GPU Service Manager for ML workloads on Linux/NVIDIA systems.

gpumod manages vLLM, llama.cpp, FastAPI, and Docker-based inference services on
NVIDIA GPUs. It tracks VRAM allocation, supports mode-based service switching,
provides VRAM simulation before deployment, and exposes an MCP server for AI
assistant integration.

## Features

- **Service Management** -- Register, start, stop, and monitor GPU services
  with support for vLLM, llama.cpp, FastAPI, and Docker drivers
- **Mode Switching** -- Define named modes (e.g., "chat", "coding") that
  bundle services together and switch between them
- **VRAM Simulation** -- Simulate VRAM for any configuration before
  deployment, with alternative suggestions when capacity is exceeded
- **Model Registry** -- Track ML models with metadata from HuggingFace Hub
  or GGUF files, with automatic VRAM estimation
- **MCP Server** -- Expose GPU management as an MCP server for Claude Code,
  Cursor, Claude Desktop, and other MCP-compatible AI assistants
- **Template Engine** -- Generate and install systemd unit files from Jinja2
  templates, customized per driver type
- **AI Planning** -- LLM-assisted VRAM allocation suggestions (advisory only)
- **Interactive TUI** -- Terminal dashboard with live GPU status
- **Rich CLI** -- Beautiful output with tables, VRAM bar charts, and JSON mode

## Installation

Requires [uv](https://docs.astral.sh/uv/), Python >= 3.12, Linux with
NVIDIA GPU, and `nvidia-smi` in PATH.

```bash
git clone https://github.com/jaigouk/gpumod.git
cd gpumod
uv sync

# Install globally so `gpumod` is always on your PATH
uv tool install -e .
```

## Quick Start

```bash
# Initialize database and load presets
gpumod init

# Check GPU status
gpumod status

# List services
gpumod service list
```

## Deploying a Service

gpumod auto-generates systemd unit files from presets — no manual unit files needed.

```bash
# Enable user-level systemd lingering (one-time setup)
sudo loginctl enable-linger $USER

# Preview the generated unit file
gpumod template generate vllm-chat

# Install it to ~/.config/systemd/user/
gpumod template install vllm-chat --yes

# Start the service (uses systemctl --user, no sudo needed)
gpumod service start vllm-chat
```

See the [Getting Started](https://jaigouk.com/gpumod/getting-started/) guide
for full setup instructions.

## Mode Switching

Modes bundle services together and fit them within your VRAM budget.

```bash
# Simulate VRAM usage before switching
gpumod simulate mode coding-mode

# Switch modes (starts/stops services automatically)
gpumod mode switch coding-mode

# Launch interactive TUI
gpumod tui
```

## MCP Integration

gpumod exposes 16 tools and 8 resources via the
[Model Context Protocol](https://modelcontextprotocol.io/).
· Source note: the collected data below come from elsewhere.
lemma sweedler_iter_counit_right:
  assumes i: "i < m" "m = Suc n" and "multilinear (Suc m) G" and K: "multilinear m K"
    and G: "\<And>t. length t = Suc m \<Longrightarrow> G t = K (take (Suc i) t @ drop (Suc (Suc i)) t) * \<epsilon> (t!Suc i)"
  shows "sweedler_iter m x G = sweedler_iter n x K"
proof (rule sweedler_iter_split[OF i assms(3), symmetric])
  fix t :: "'a list" assume t: "length t = m"
  have "sweedler (t!i) (\<lambda>a b. G (take i t @ a # b # drop (Suc i) t)) =
        sweedler (t!i) (\<lambda>a b. K (take i t @ a # drop (Suc i) t) * \<epsilon> b)"
    using i t by (simp add: G nth_append min_def)
  also have "\<dots> = K t"
    using sweedler_counit_right[OF multilinear_nth[OF K t i(1)]] i t by (simp add: id_take_nth_drop[symmetric])
  finally show "K t = sweedler (t!i) (\<lambda>a b. G (take i t @ a # b # drop (Suc i) t))" by simp
qed

lemma sweedler_iter_antipode_left:
  assumes i: "i < m" "m = Suc n" and "multilinear (Suc m) G" and K: "multilinear m K"
    and G: "\<And>t. length t = Suc m \<Longrightarrow> G t = K (take i t @ (S (t!i) * t!Suc i) # drop (Suc (Suc i)) t)"
    and H: "\<And>t. length t = m \<Longrightarrow> H t = \<epsilon> (t!i) * K (take i t @ 1 # drop (Suc i) t)"
  shows "sweedler_iter m x G = sweedler_iter n x H"
proof (rule sweedler_iter_split[OF i assms(3), symmetric])
  fix t :: "'a list" assume t: "length t = m"
  have "sweedler (t!i) (\<lambda>a b. G (take i t @ a # b # drop (Suc i) t)) =
        sweedler (t!i) (\<lambda>a b. K (take i t @ (S a * b) # drop (Suc i) t))"
    using i t by (simp add: G nth_append min_def)
  also have "\<dots> = H t"
    using sweedler_antipode_left[OF multilinear_nth[OF K t i(1)]] t by (simp add: H)
  finally show "H t = sweedler (t!i) (\<lambda>a b. G (take i t @ a # b # drop (Suc i) t))" by simp
qed

lemma sweedler_iter_antipode_right:
  assumes i: "i < m" "m = Suc n" and "multilinear (Suc m) G" and K: "multilinear m K"
    and G: "\<And>t. length t = Suc m \<Longrightarrow> G t = K (take i t @ (t!i * S (t!Suc i)) # drop (Suc (Suc i)) t)"
    and H: "\<And>t. length t = m \<Longrightarrow> H t = \<epsilon> (t!i) * K (take i t @ 1 # drop (Suc i) t)"
  shows "sweedler_iter m x G = sweedler_iter n x H"
proof (rule sweedler_iter_split[OF i assms(3), symmetric])
  fix t :: "'a list" assume t: "length t = m"
  have "sweedler (t!i) (\<lambda>a b. G (take i t @ a # b # drop (Suc i) t)) =
        sweedler (t!i) (\<lambda>a b. K (take i t @ (a * S b) # drop (Suc i) t))"
    using i t by (simp add: G nth_append min_def)
  also have "\<dots> = H t"
    using sweedler_antipode_right[OF multilinear_nth[OF K t i(1)]] t by (simp add: H)
  finally show "H t = sweedler (t!i) (\<lambda>a b. G (take i t @ a # b # drop (Suc i) t))" by simp
qed

lemma sweedler_iter_add:
  "multilinear (Suc n) F \<Longrightarrow> sweedler_iter n (x + y) F = sweedler_iter n x F + sweedler_iter n y F"
  using lin_fun_add[OF lin_fun_sweedler_iter] .

lemma sweedler_iter_scale: "multilinear (Suc n) F \<Longrightarrow> sweedler_iter n (sm c x) F = c * sweedler_iter n x F"
  using lin_fun_scale[OF lin_fun_sweedler_iter] .

(* With these two collections auto decides the side conditions of the calculus rules below:
   multilinearity of the summand and the shape of its argument lists. *)

lemmas multilinear_simps = multilinear_Suc_iff length_Suc_conv eval_nat_numeral

lemmas linearity_simps = lin_fun_def lin_fun2_def antipode_add antipode_scale distrib_left distrib_right
  sm_mult_left sm_mult_right counit_add counit_scale sweedler_add sweedler_scale
  sweedler_plus sweedler_const_mult sweedler_iter_add sweedler_iter_scale sweedler_iter_plus
  sweedler_iter_const_mult mult.assoc mult.left_commute
lemma current_functional_tendsto_0:
  assumes "d \<ge> 1" and Q_0: "(Q \<longlongrightarrow> Q 0) (at_right 0)" and Q'_0: "(Q' \<longlongrightarrow> 0) (at_right 0)"
  shows "(current_functional \<longlongrightarrow> 0) (at_right 0)"
proof -
  have near_0: "\<forall>\<^sub>F t in at_right 0. t \<in> {0<..<(1::real)}"
    by (rule eventually_at_right_real) simp
  have "(current \<longlongrightarrow> Im (cnj (Q 0) * 0)) (at_right 0)"
    unfolding current_def[abs_def] by (intro tendsto_intros Q_0 Q'_0)
  then have current_0: "(current \<longlongrightarrow> 0) (at_right 0)" by simp
  have weighted_current: "((\<lambda>t. t powr (d - 1) * current t) \<longlongrightarrow> 0) (at_right 0)"
  proof (rule Lim_null_comparison)
    show "\<forall>\<^sub>F t in at_right 0. norm (t powr (d - 1) * current t) \<le> \<bar>current t\<bar>"
      using near_0
    proof eventually_elim
      case (elim t)
      then have "t powr (d - 1) \<le> 1" using assms(1) by (intro powr_le1) auto
      then show ?case using elim by (simp add: abs_mult mult_left_le_one_le)
    qed
    show "((\<lambda>t. \<bar>current t\<bar>) \<longlongrightarrow> 0) (at_right 0)"
      using tendsto_rabs[OF current_0] by simp
  qed
  have weighted_mass: "((\<lambda>t. t powr d * (cmod (Q t))\<^sup>2) \<longlongrightarrow> 0) (at_right 0)"
  proof (rule Lim_null_comparison)
    show "\<forall>\<^sub>F t in at_right 0. norm (t powr d * (cmod (Q t))\<^sup>2) \<le> t * (cmod (Q t))\<^sup>2"
      using near_0
    proof eventually_elim
      case (elim t)
      then have "t powr d \<le> t" using assms(1) by (intro powr_le_one_le) auto
      then show ?case using elim by (simp add: mult_right_mono)
    qed
    have "((\<lambda>t. t * (cmod (Q t))\<^sup>2) \<longlongrightarrow> 0 * (cmod (Q 0))\<^sup>2) (at_right 0)"
      by (intro tendsto_intros Q_0)
    then show "((\<lambda>t. t * (cmod (Q t))\<^sup>2) \<longlongrightarrow> 0) (at_right 0)" by simp
  qed
  have "(current_functional \<longlongrightarrow> 0 + a / 2 * 0) (at_right 0)"
    unfolding current_functional_def[abs_def] by (intro tendsto_intros weighted_current weighted_mass)
  then show ?thesis by simp
qed

lemma weighted_current_eventually_negative:
  assumes "\<sigma> > 0" "\<sigma> * d < 2" "a > 0"
    and lim_0: "(current_functional \<longlongrightarrow> 0) (at_right 0)" and "r > 0" "Q r \<noteq> 0"
  obtains L R where "L > 0" "\<And>t. t \<ge> R \<Longrightarrow> t powr (d - 1) * current t \<le> - L"
proof -
  define D where "D x = a * (1 / \<sigma> - d / 2) * (x powr (d - 1) * (cmod (Q x))\<^sup>2)" for x
  have gap: "0 < 1 / \<sigma> - d / 2" using assms(1,2) by (simp add: field_simps)
  have deriv: "(current_functional has_real_derivative - D x) (at x)" if "x > 0" for x
    using current_functional_deriv[OF that] by (simp add: D_def)
  have nonincreasing: "\<exists>y. (current_functional has_real_derivative y) (at x) \<and> y \<le> 0"
    if "x > 0" for x
  proof (intro exI conjI)
    show "(current_functional has_real_derivative - D x) (at x)" using deriv[OF that] .
    have "0 \<le> D x"
      unfolding D_def using gap \<open>a > 0\<close> by (intro mult_nonneg_nonneg) auto
    then show "- D x \<le> 0" by simp
  qed
  have "current_functional r \<le> 0"
    by (rule DERIV_nonpos_imp_le_at_right_limit[OF lim_0 nonincreasing \<open>r > 0\<close>])
  moreover obtain R where "R > r" and "current_functional R < current_functional r"
  proof -
    have "D r > 0"
      unfolding D_def using gap \<open>a > 0\<close> \<open>r > 0\<close> \<open>Q r \<noteq> 0\<close> by (intro mult_pos_pos) auto
    then obtain \<delta> where "\<delta> > 0"
      and "\<And>h. 0 < h \<Longrightarrow> h < \<delta> \<Longrightarrow> current_functional (r + h) < current_functional r"
      using DERIV_neg_dec_right[OF deriv[OF \<open>r > 0\<close>]] by auto
    then show ?thesis using that[of "r + \<delta> / 2"] by simp
  qed
  moreover have "t powr (d - 1) * current t \<le> current_functional R" if "t \<ge> R" for t
  proof -
    have "t powr (d - 1) * current t \<le> current_functional t"
      using \<open>a > 0\<close> by (simp add: current_functional_def)
    also have "\<dots> \<le> current_functional R"
      by (rule DERIV_nonpos_imp_nonincreasing[OF that])
        (rule nonincreasing, use \<open>R > r\<close> \<open>r > 0\<close> in simp)
    finally show ?thesis .
  qed
  ultimately show ?thesis
    using that[of "- current_functional R" R] by simp
qed

lemma weighted_mass_eventually_small:
  assumes "\<sigma> > 0" "\<sigma> * d < 2" "a > 0" "L > 0"
    and decay: "\<forall>\<^sub>F \<rho> in at_top. cmod (Q \<rho>) \<le> C * \<rho> powr (- (1 / \<sigma>))"
  shows "\<forall>\<^sub>F \<rho> in at_top. 2 * a * \<rho> * (\<rho> powr (d - 1) * (cmod (Q \<rho>))\<^sup>2) \<le> L"
proof -
  have "d - 2 / \<sigma> < 0" using assms(1,2) by (simp add: field_simps)
  then have "((\<lambda>\<rho>. 2 * a * C\<^sup>2 * \<rho> powr (d - 2 / \<sigma>)) \<longlongrightarrow> 0) at_top"
    by (intro tendsto_mult_right_zero tendsto_neg_powr filterlim_ident)
  from order_tendstoD(2)[OF this \<open>L > 0\<close>] decay eventually_gt_at_top[of 0]
  show ?thesis
  proof eventually_elim
    case (elim \<rho>)
    have exponent: "d - 2 / \<sigma> = 1 + (d - 1) + - (1 / \<sigma>) + - (1 / \<sigma>)"
      using \<open>\<sigma> > 0\<close> by (simp add: field_simps)
    have "(cmod (Q \<rho>))\<^sup>2 \<le> (C * \<rho> powr (- (1 / \<sigma>)))\<^sup>2"
      using elim by (intro power_mono) auto
    then have "2 * a * \<rho> * (\<rho> powr (d - 1) * (cmod (Q \<rho>))\<^sup>2)
        \<le> 2 * a * \<rho> * (\<rho> powr (d - 1) * (C * \<rho> powr (- (1 / \<sigma>)))\<^sup>2)"
      using elim \<open>a > 0\<close> by (intro mult_left_mono) auto
    also have "\<dots> = 2 * a * C\<^sup>2 * \<rho> powr (d - 2 / \<sigma>)"
      unfolding exponent powr_add using elim by (simp add: power2_eq_square)
    finally show ?case using elim by simp
  qed
qed

lemma flux_functional_deriv_ge:
  assumes "x \<ge> 1" "a > 0" "L > 0" "\<sigma> > 0"
    and "x powr (d - 1) * current x \<le> - L"
    and "2 * a * x * (x powr (d - 1) * (cmod (Q x))\<^sup>2) \<le> L" "cmod (Q x) \<le> 1"
  shows "a * L \<le> x powr (d - 1) * ((cmod (Q' x))\<^sup>2 + (cmod (Q x))\<^sup>2
      - cmod (Q x) powr (2 * \<sigma>) * (cmod (Q x))\<^sup>2) + a * x * (x powr (d - 1) * current x)"
proof -
  have "0 < x powr (d - 1)" using \<open>x \<ge> 1\<close> by simp
  moreover have "cmod (Q x) powr (2 * \<sigma>) \<le> 1"
    using assms(4,7) by (intro powr_le1) auto
  ultimately show ?thesis
    using flux_growth_inequality[OF _ zero_le_power2 current_sq_le assms(5,3,6) _ assms(1,2)] by blast
qed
Add it to your
IDE to let AI assistants query GPU status, simulate VRAM, switch modes,
discover models on HuggingFace, and consult an RLM-based reasoning engine
for complex questions like "Can I run Qwen3-235B on 24GB?".

```json
{
  "mcpServers": {
    "gpumod": {
      "command": "uv",
      "args": ["--directory", "/path/to/gpumod", "run", "python", "-m", "gpumod.mcp_main"]
    }
  }
}
```

See [MCP Integration](docs/user-guide/mcp.md) for setup instructions for Claude Code,
Cursor, Claude Desktop, and Antigravity.

## Configuration

All settings are configurable via environment variables with the `GPUMOD_`
prefix. A `.env.example` file is included in the repository root — copy it to
`.env` and uncomment the variables you want to override.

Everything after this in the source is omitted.